Material provided>
——

(* Let $R_1,R_2$ be rings and $M$ an $(R_1,R_2)$-bimodule. The formal triangular matrix ring $\begin{pmatrix} R_1 & M\\ 0 & R_2\end{pmatrix}$ is NJ-symmetric if and only if $R_1$ and $R_2$ are NJ-symmetric.
   Context: Rings are associative with identity. $N(S)$ is the set of nilpotent elements, $J(S)$ the Jacobson radical of a ring $S$. $S$ is NJ-symmetric if for all $a,b,c\in S$, $abc\in N(S)$ implies $bac\in J(S)$. *)

theory Defs
  imports "HOL-Algebra.Algebra"
begin

definition nilpotents :: "('a, 'b) ring_scheme \<Rightarrow> 'a set" where
  "nilpotents S = {a \<in> carrier S. \<exists>n::nat. a [^]\<^bsub>S\<^esub> n = \<zero>\<^bsub>S\<^esub>}"

definition left_ideal :: "'a set \<Rightarrow> ('a, 'b) ring_scheme \<Rightarrow> bool" where
  "left_ideal I S \<longleftrightarrow> additive_subgroup I S \<and>
     (\<forall>r\<in>carrier S. \<forall>x\<in>I. r \<otimes>\<^bsub>S\<^esub> x \<in> I)"

definition maximal_left_ideal :: "'a set \<Rightarrow> ('a, 'b) ring_scheme \<Rightarrow> bool" where
  "maximal_left_ideal I S \<longleftrightarrow> left_ideal I S \<and> I \<noteq> carrier S \<and>
     (\<forall>J. left_ideal J S \<and> I \<subseteq> J \<longrightarrow> J = I \<or> J = carrier S)"

definition jacobson_radical :: "('a, 'b) ring_scheme \<Rightarrow> 'a set" where
  "jacobson_radical S = carrier S \<inter> \<Inter>{I. maximal_left_ideal I S}"

definition NJ_symmetric :: "('a, 'b) ring_scheme \<Rightarrow> bool" where
  "NJ_symmetric S \<longleftrightarrow> (\<forall>a\<in>carrier S. \<forall>b\<in>carrier S. \<forall>c\<in>carrier S.
     a \<otimes>\<^bsub>S\<^esub> b \<otimes>\<^bsub>S\<^esub> c \<in> nilpotents S \<longrightarrow>
     b \<otimes>\<^bsub>S\<^esub> a \<otimes>\<^bsub>S\<^esub> c \<in> jacobson_radical S)"
(* Let $2<\alpha<4$ and $c\ge1$. For $N_1>0$ set $N_2=cN_1$, and let $(\Lambda_1^*,\Lambda_2^* )$ be the Nash equilibrium of the two-player Variable-Rate Random Access Game in which player $i\in\{1,2\}$ chooses $\Lambda_i\in[0,N_i]$ and receives payoff \[ U_i(\Lambda_1,\Lambda_2)=\Lambda_i\int_0^\infty e^{-(\Lambda_1+\Lambda_2)x^{2/\alpha}}\frac{dx}{1+x}. \] Then, in the limit $N_1\to\infty$, the equilibrium is \[ (\Lambda_1^*,\Lambda_2^* )=\begin{cases}(N_1,N_2), & N_1\le N_2\le \frac{2}{\alpha-2}N_1,\\[2pt] \left(N_1,\frac{2}{\alpha-2}N_1\right), & \frac{2}{\alpha-2}N_1\le N_2,\end{cases} \] in the sense that $\Lambda_1^*=N_1$ and $\Lambda_2^*/N_1\to\min\!\left(c,\frac{2}{\alpha-2}\right)$ as $N_1\to\infty$.
   Context: A Nash equilibrium is a pair $(\Lambda_1^*,\Lambda_2^* )\in[0,N_1]\times[0,N_2]$ such that $\Lambda_1^*$ maximizes $U_1(\cdot,\Lambda_2^* )$ over $[0,N_1]$ and $\Lambda_2^*$ maximizes $U_2(\Lambda_1^*,\cdot)$ over $[0,N_2]$. *)

theory Defs
  imports "HOL-Analysis.Analysis"
begin

definition vr_integral :: "real \<Rightarrow> real \<Rightarrow> real" where
  "vr_integral \<alpha> s = integral {0<..} (\<lambda>x. exp (- s * x powr (2 / \<alpha>)) / (1 + x))"

definition vr_U1 :: "real \<Rightarrow> real \<Rightarrow> real \<Rightarrow> real" where
  "vr_U1 \<alpha> L1 L2 = L1 * vr_integral \<alpha> (L1 + L2)"

definition vr_U2 :: "real \<Rightarrow> real \<Rightarrow> real \<Rightarrow> real" where
  "vr_U2 \<alpha> L1 L2 = L2 * vr_integral \<alpha> (L1 + L2)"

——

Instructions for the task> Write the entries out a second time. Match them exactly.

Answer to this exercise>
(* Let $R_1,R_2$ be rings and $M$ an $(R_1,R_2)$-bimodule. The formal triangular matrix ring $\begin{pmatrix} R_1 & M\\ 0 & R_2\end{pmatrix}$ is NJ-symmetric if and only if $R_1$ and $R_2$ are NJ-symmetric.
   Context: Rings are associative with identity. $N(S)$ is the set of nilpotent elements, $J(S)$ the Jacobson radical of a ring $S$. $S$ is NJ-symmetric if for all $a,b,c\in S$, $abc\in N(S)$ implies $bac\in J(S)$. *)

theory Defs
  imports "HOL-Algebra.Algebra"
begin

definition nilpotents :: "('a, 'b) ring_scheme \<Rightarrow> 'a set" where
  "nilpotents S = {a \<in> carrier S. \<exists>n::nat. a [^]\<^bsub>S\<^esub> n = \<zero>\<^bsub>S\<^esub>}"

definition left_ideal :: "'a set \<Rightarrow> ('a, 'b) ring_scheme \<Rightarrow> bool" where
  "left_ideal I S \<longleftrightarrow> additive_subgroup I S \<and>
     (\<forall>r\<in>carrier S. \<forall>x\<in>I. r \<otimes>\<^bsub>S\<^esub> x \<in> I)"

definition maximal_left_ideal :: "'a set \<Rightarrow> ('a, 'b) ring_scheme \<Rightarrow> bool" where
  "maximal_left_ideal I S \<longleftrightarrow> left_ideal I S \<and> I \<noteq> carrier S \<and>
     (\<forall>J. left_ideal J S \<and> I \<subseteq> J \<longrightarrow> J = I \<or> J = carrier S)"

definition jacobson_radical :: "('a, 'b) ring_scheme \<Rightarrow> 'a set" where
  "jacobson_radical S = carrier S \<inter> \<Inter>{I. maximal_left_ideal I S}"

definition NJ_symmetric :: "('a, 'b) ring_scheme \<Rightarrow> bool" where
  "NJ_symmetric S \<longleftrightarrow> (\<forall>a\<in>carrier S. \<forall>b\<in>carrier S. \<forall>c\<in>carrier S.
     a \<otimes>\<^bsub>S\<^esub> b \<otimes>\<^bsub>S\<^esub> c \<in> nilpotents S \<longrightarrow>
     b \<otimes>\<^bsub>S\<^esub> a \<otimes>\<^bsub>S\<^esub> c \<in> jacobson_radical S)"
(* Let $2<\alpha<4$ and $c\ge1$. For $N_1>0$ set $N_2=cN_1$, and let $(\Lambda_1^*,\Lambda_2^* )$ be the Nash equilibrium of the two-player Variable-Rate Random Access Game in which player $i\in\{1,2\}$ chooses $\Lambda_i\in[0,N_i]$ and receives payoff \[ U_i(\Lambda_1,\Lambda_2)=\Lambda_i\int_0^\infty e^{-(\Lambda_1+\Lambda_2)x^{2/\alpha}}\frac{dx}{1+x}. \] Then, in the limit $N_1\to\infty$, the equilibrium is \[ (\Lambda_1^*,\Lambda_2^* )=\begin{cases}(N_1,N_2), & N_1\le N_2\le \frac{2}{\alpha-2}N_1,\\[2pt] \left(N_1,\frac{2}{\alpha-2}N_1\right), & \frac{2}{\alpha-2}N_1\le N_2,\end{cases} \] in the sense that $\Lambda_1^*=N_1$ and $\Lambda_2^*/N_1\to\min\!\left(c,\frac{2}{\alpha-2}\right)$ as $N_1\to\infty$.
   Context: A Nash equilibrium is a pair $(\Lambda_1^*,\Lambda_2^* )\in[0,N_1]\times[0,N_2]$ such that $\Lambda_1^*$ maximizes $U_1(\cdot,\Lambda_2^* )$ over $[0,N_1]$ and $\Lambda_2^*$ maximizes $U_2(\Lambda_1^*,\cdot)$ over $[0,N_2]$. *)

theory Defs
  imports "HOL-Analysis.Analysis"
begin

definition vr_integral :: "real \<Rightarrow> real \<Rightarrow> real" where
  "vr_integral \<alpha> s = integral {0<..} (\<lambda>x. exp (- s * x powr (2 / \<alpha>)) / (1 + x))"

definition vr_U1 :: "real \<Rightarrow> real \<Rightarrow> real \<Rightarrow> real" where
  "vr_U1 \<alpha> L1 L2 = L1 * vr_integral \<alpha> (L1 + L2)"

definition vr_U2 :: "real \<Rightarrow> real \<Rightarrow> real \<Rightarrow> real" where
  "vr_U2 \<alpha> L1 L2 = L2 * vr_integral \<alpha> (L1 + L2)"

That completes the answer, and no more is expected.